lemma norm_hyp2F1_diagonal_le_log:
  assumes a: "Re a = 1/2" and w: "norm w < 1"
  shows "norm (hyp2F1 a a 1 w) \<le> exp (4 * (Im a)\<^sup>2) * (1 - ln (1 - norm w))"
proof -
  define K where "K = exp (4 * (Im a)\<^sup>2)"
  define x where "x = norm w"
  have x: "0 \<le> x" "x < 1"
    using w by (simp_all add: x_def)
  have "(\<lambda>n. - (x ^ n) / real n) sums ln (1 - x)"
    using ln_series'[of "- x"] x by simp
  then have "(\<lambda>n. x ^ n / real n) sums (- ln (1 - x))"
    using sums_minus by fastforce
  then have log: "(\<lambda>n. x ^ Suc n / real (Suc n)) sums (- ln (1 - x))"
    using sums_Suc_iff[of "\<lambda>n. x ^ n / real n"] by simp
  have geom: "(\<lambda>n. (1 - x) * x ^ n) sums 1"
    using sums_mult[OF geometric_sums[of x], of "1 - x"] x by simp
  have "norm (hyp2F1 a a 1 w) \<le> K * (- ln (1 - x) + 1)"
    unfolding hyp2F1_diagonal_eq
  proof (rule norm_sums_le)
    show "(\<lambda>n. hyp_coeff a n * w ^ n) sums (\<Sum>n. hyp_coeff a n * w ^ n)"
      using summable_hyp_coeff_series(1)[OF a w] by (rule summable_sums)
    show "(\<lambda>n. K * (x ^ Suc n / real (Suc n) + (1 - x) * x ^ n)) sums (K * (- ln (1 - x) + 1))"
      by (intro sums_mult sums_add log geom)
    show "norm (hyp_coeff a n * w ^ n) \<le> K * (x ^ Suc n / real (Suc n) + (1 - x) * x ^ n)" for n
    proof -
      have "norm (hyp_coeff a n * w ^ n) \<le> K / real (Suc n) * x ^ n"
        using norm_hyp_coeff_le[OF a, of n] unfolding norm_mult norm_power x_def
        by (intro mult_right_mono) (simp_all add: K_def add.commute)
      also have "\<dots> = K * (x ^ Suc n / real (Suc n) + (1 - x) * x ^ n / real (Suc n))"
        by (simp add: field_simps del: of_nat_Suc)
      also have "\<dots> \<le> K * (x ^ Suc n / real (Suc n) + (1 - x) * x ^ n)"
        using x by (intro mult_left_mono add_left_mono divide_left_mono[of 1, simplified])
          (simp_all add: K_def)
      finally show ?thesis .
    qed
  qed
  then show ?thesis
    by (simp add: K_def x_def)
qed

text \<open>
  As \<open>|c_n|\<close> decays only like \<open>1/n\<close>, the power series alone gives a logarithmic bound near
  \<open>w = 1\<close>. The recurrence for \<open>c_n\<close> trades \<open>(2a - 1) F\<close> for \<open>(1 - w)\<close> times a series with
  bounded coefficients plus an absolutely convergent one.
\<close>

lemma hyp2F1_diagonal_decomposition:
  assumes "Re a = 1/2" "norm w < 1"
  shows "(2 * a - 1) * hyp2F1 a a 1 w =
           (1 - w) * (\<Sum>n. of_nat (Suc n) * hyp_coeff a (Suc n) * w ^ n)
           - (a - 1)\<^sup>2 * (\<Sum>n. hyp_coeff a n * w ^ n / of_nat (Suc n))"
proof -
  define U where "U = (\<Sum>n. of_nat (Suc n) * hyp_coeff a (Suc n) * w ^ n)"
  define H where "H = (\<Sum>n. hyp_coeff a n * w ^ n / of_nat (Suc n))"
  note summable = summable_hyp_coeff_series[OF assms]
  have F: "(\<lambda>n. hyp_coeff a n * w ^ n) sums hyp2F1 a a 1 w"
    using summable(1) by (simp add: hyp2F1_diagonal_eq summable_sums)
  have U: "(\<lambda>n. of_nat (Suc n) * hyp_coeff a (Suc n) * w ^ n) sums U"
    using summable(3) by (simp add: U_def summable_sums)
  have H: "(\<lambda>n. hyp_coeff a n * w ^ n / of_nat (Suc n)) sums H"
    using summable(2) by (simp add: H_def summable_sums)
  have "(\<lambda>n. w * (of_nat (Suc n) * hyp_coeff a (Suc n) * w ^ n)) sums (w * U)"
    by (rule sums_mult[OF U])
  then have V: "(\<lambda>n. of_nat n * hyp_coeff a n * w ^ n) sums (w * U)"
    using sums_Suc_iff[of "\<lambda>n. of_nat n * hyp_coeff a n * w ^ n" "w * U"]
    by (simp add: algebra_simps del: of_nat_Suc)
  have "(\<lambda>n. of_nat (Suc n) * hyp_coeff a (Suc n) * w ^ n - of_nat n * hyp_coeff a n * w ^ n
           - (a - 1)\<^sup>2 * (hyp_coeff a n * w ^ n / of_nat (Suc n))) sums (U - w * U - (a - 1)\<^sup>2 * H)"
    by (intro sums_diff U V sums_mult H)
  moreover have "(\<lambda>n. (2 * a - 1) * (hyp_coeff a n * w ^ n)) sums ((2 * a - 1) * hyp2F1 a a 1 w)"
    by (rule sums_mult[OF F])
  moreover have "(2 * a - 1) * (hyp_coeff a n * w ^ n) =
      of_nat (Suc n) * hyp_coeff a (Suc n) * w ^ n - of_nat n * hyp_coeff a n * w ^ n
      - (a - 1)\<^sup>2 * (hyp_coeff a n * w ^ n / of_nat (Suc n))" for n
    by (simp only: mult.assoc[symmetric] hyp_coeff_recurrence)
       (simp add: algebra_simps del: of_nat_Suc)
  ultimately have "(2 * a - 1) * hyp2F1 a a 1 w = U - w * U - (a - 1)\<^sup>2 * H"
    by (simp add: sums_unique2)
  then show ?thesis
    by (simp add: U_def H_def algebra_simps)
qed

----

Exercise directions: The whole of the data must be given back word for word.

Result for this task:
lemma norm_hyp2F1_diagonal_le_log:
  assumes a: "Re a = 1/2" and w: "norm w < 1"
  shows "norm (hyp2F1 a a 1 w) \<le> exp (4 * (Im a)\<^sup>2) * (1 - ln (1 - norm w))"
proof -
  define K where "K = exp (4 * (Im a)\<^sup>2)"
  define x where "x = norm w"
  have x: "0 \<le> x" "x < 1"
    using w by (simp_all add: x_def)
  have "(\<lambda>n. - (x ^ n) / real n) sums ln (1 - x)"
    using ln_series'[of "- x"] x by simp
  then have "(\<lambda>n. x ^ n / real n) sums (- ln (1 - x))"
    using sums_minus by fastforce
  then have log: "(\<lambda>n. x ^ Suc n / real (Suc n)) sums (- ln (1 - x))"
    using sums_Suc_iff[of "\<lambda>n. x ^ n / real n"] by simp
  have geom: "(\<lambda>n. (1 - x) * x ^ n) sums 1"
    using sums_mult[OF geometric_sums[of x], of "1 - x"] x by simp
  have "norm (hyp2F1 a a 1 w) \<le> K * (- ln (1 - x) + 1)"
    unfolding hyp2F1_diagonal_eq
  proof (rule norm_sums_le)
    show "(\<lambda>n. hyp_coeff a n * w ^ n) sums (\<Sum>n. hyp_coeff a n * w ^ n)"
      using summable_hyp_coeff_series(1)[OF a w] by (rule summable_sums)
    show "(\<lambda>n. K * (x ^ Suc n / real (Suc n) + (1 - x) * x ^ n)) sums (K * (- ln (1 - x) + 1))"
      by (intro sums_mult sums_add log geom)
    show "norm (hyp_coeff a n * w ^ n) \<le> K * (x ^ Suc n / real (Suc n) + (1 - x) * x ^ n)" for n
    proof -
      have "norm (hyp_coeff a n * w ^ n) \<le> K / real (Suc n) * x ^ n"
        using norm_hyp_coeff_le[OF a, of n] unfolding norm_mult norm_power x_def
        by (intro mult_right_mono) (simp_all add: K_def add.commute)
      also have "\<dots> = K * (x ^ Suc n / real (Suc n) + (1 - x) * x ^ n / real (Suc n))"
        by (simp add: field_simps del: of_nat_Suc)
      also have "\<dots> \<le> K * (x ^ Suc n / real (Suc n) + (1 - x) * x ^ n)"
        using x by (intro mult_left_mono add_left_mono divide_left_mono[of 1, simplified])
          (simp_all add: K_def)
      finally show ?thesis .
    qed
  qed
  then show ?thesis
    by (simp add: K_def x_def)
qed

text \<open>
  As \<open>|c_n|\<close> decays only like \<open>1/n\<close>, the power series alone gives a logarithmic bound near
  \<open>w = 1\<close>. The recurrence for \<open>c_n\<close> trades \<open>(2a - 1) F\<close> for \<open>(1 - w)\<close> times a series with
  bounded coefficients plus an absolutely convergent one.
\<close>

lemma hyp2F1_diagonal_decomposition:
  assumes "Re a = 1/2" "norm w < 1"
  shows "(2 * a - 1) * hyp2F1 a a 1 w =
           (1 - w) * (\<Sum>n. of_nat (Suc n) * hyp_coeff a (Suc n) * w ^ n)
           - (a - 1)\<^sup>2 * (\<Sum>n. hyp_coeff a n * w ^ n / of_nat (Suc n))"
proof -
  define U where "U = (\<Sum>n. of_nat (Suc n) * hyp_coeff a (Suc n) * w ^ n)"
  define H where "H = (\<Sum>n. hyp_coeff a n * w ^ n / of_nat (Suc n))"
  note summable = summable_hyp_coeff_series[OF assms]
  have F: "(\<lambda>n. hyp_coeff a n * w ^ n) sums hyp2F1 a a 1 w"
    using summable(1) by (simp add: hyp2F1_diagonal_eq summable_sums)
  have U: "(\<lambda>n. of_nat (Suc n) * hyp_coeff a (Suc n) * w ^ n) sums U"
    using summable(3) by (simp add: U_def summable_sums)
  have H: "(\<lambda>n. hyp_coeff a n * w ^ n / of_nat (Suc n)) sums H"
    using summable(2) by (simp add: H_def summable_sums)
  have "(\<lambda>n. w * (of_nat (Suc n) * hyp_coeff a (Suc n) * w ^ n)) sums (w * U)"
    by (rule sums_mult[OF U])
  then have V: "(\<lambda>n. of_nat n * hyp_coeff a n * w ^ n) sums (w * U)"
    using sums_Suc_iff[of "\<lambda>n. of_nat n * hyp_coeff a n * w ^ n" "w * U"]
    by (simp add: algebra_simps del: of_nat_Suc)
  have "(\<lambda>n. of_nat (Suc n) * hyp_coeff a (Suc n) * w ^ n - of_nat n * hyp_coeff a n * w ^ n
           - (a - 1)\<^sup>2 * (hyp_coeff a n * w ^ n / of_nat (Suc n))) sums (U - w * U - (a - 1)\<^sup>2 * H)"
    by (intro sums_diff U V sums_mult H)
  moreover have "(\<lambda>n. (2 * a - 1) * (hyp_coeff a n * w ^ n)) sums ((2 * a - 1) * hyp2F1 a a 1 w)"
    by (rule sums_mult[OF F])
  moreover have "(2 * a - 1) * (hyp_coeff a n * w ^ n) =
      of_nat (Suc n) * hyp_coeff a (Suc n) * w ^ n - of_nat n * hyp_coeff a n * w ^ n
      - (a - 1)\<^sup>2 * (hyp_coeff a n * w ^ n / of_nat (Suc n))" for n
    by (simp only: mult.assoc[symmetric] hyp_coeff_recurrence)
       (simp add: algebra_simps del: of_nat_Suc)
  ultimately have "(2 * a - 1) * hyp2F1 a a 1 w = U - w * U - (a - 1)\<^sup>2 * H"
    by (simp add: sums_unique2)
  then show ?thesis
    by (simp add: U_def H_def algebra_simps)
qed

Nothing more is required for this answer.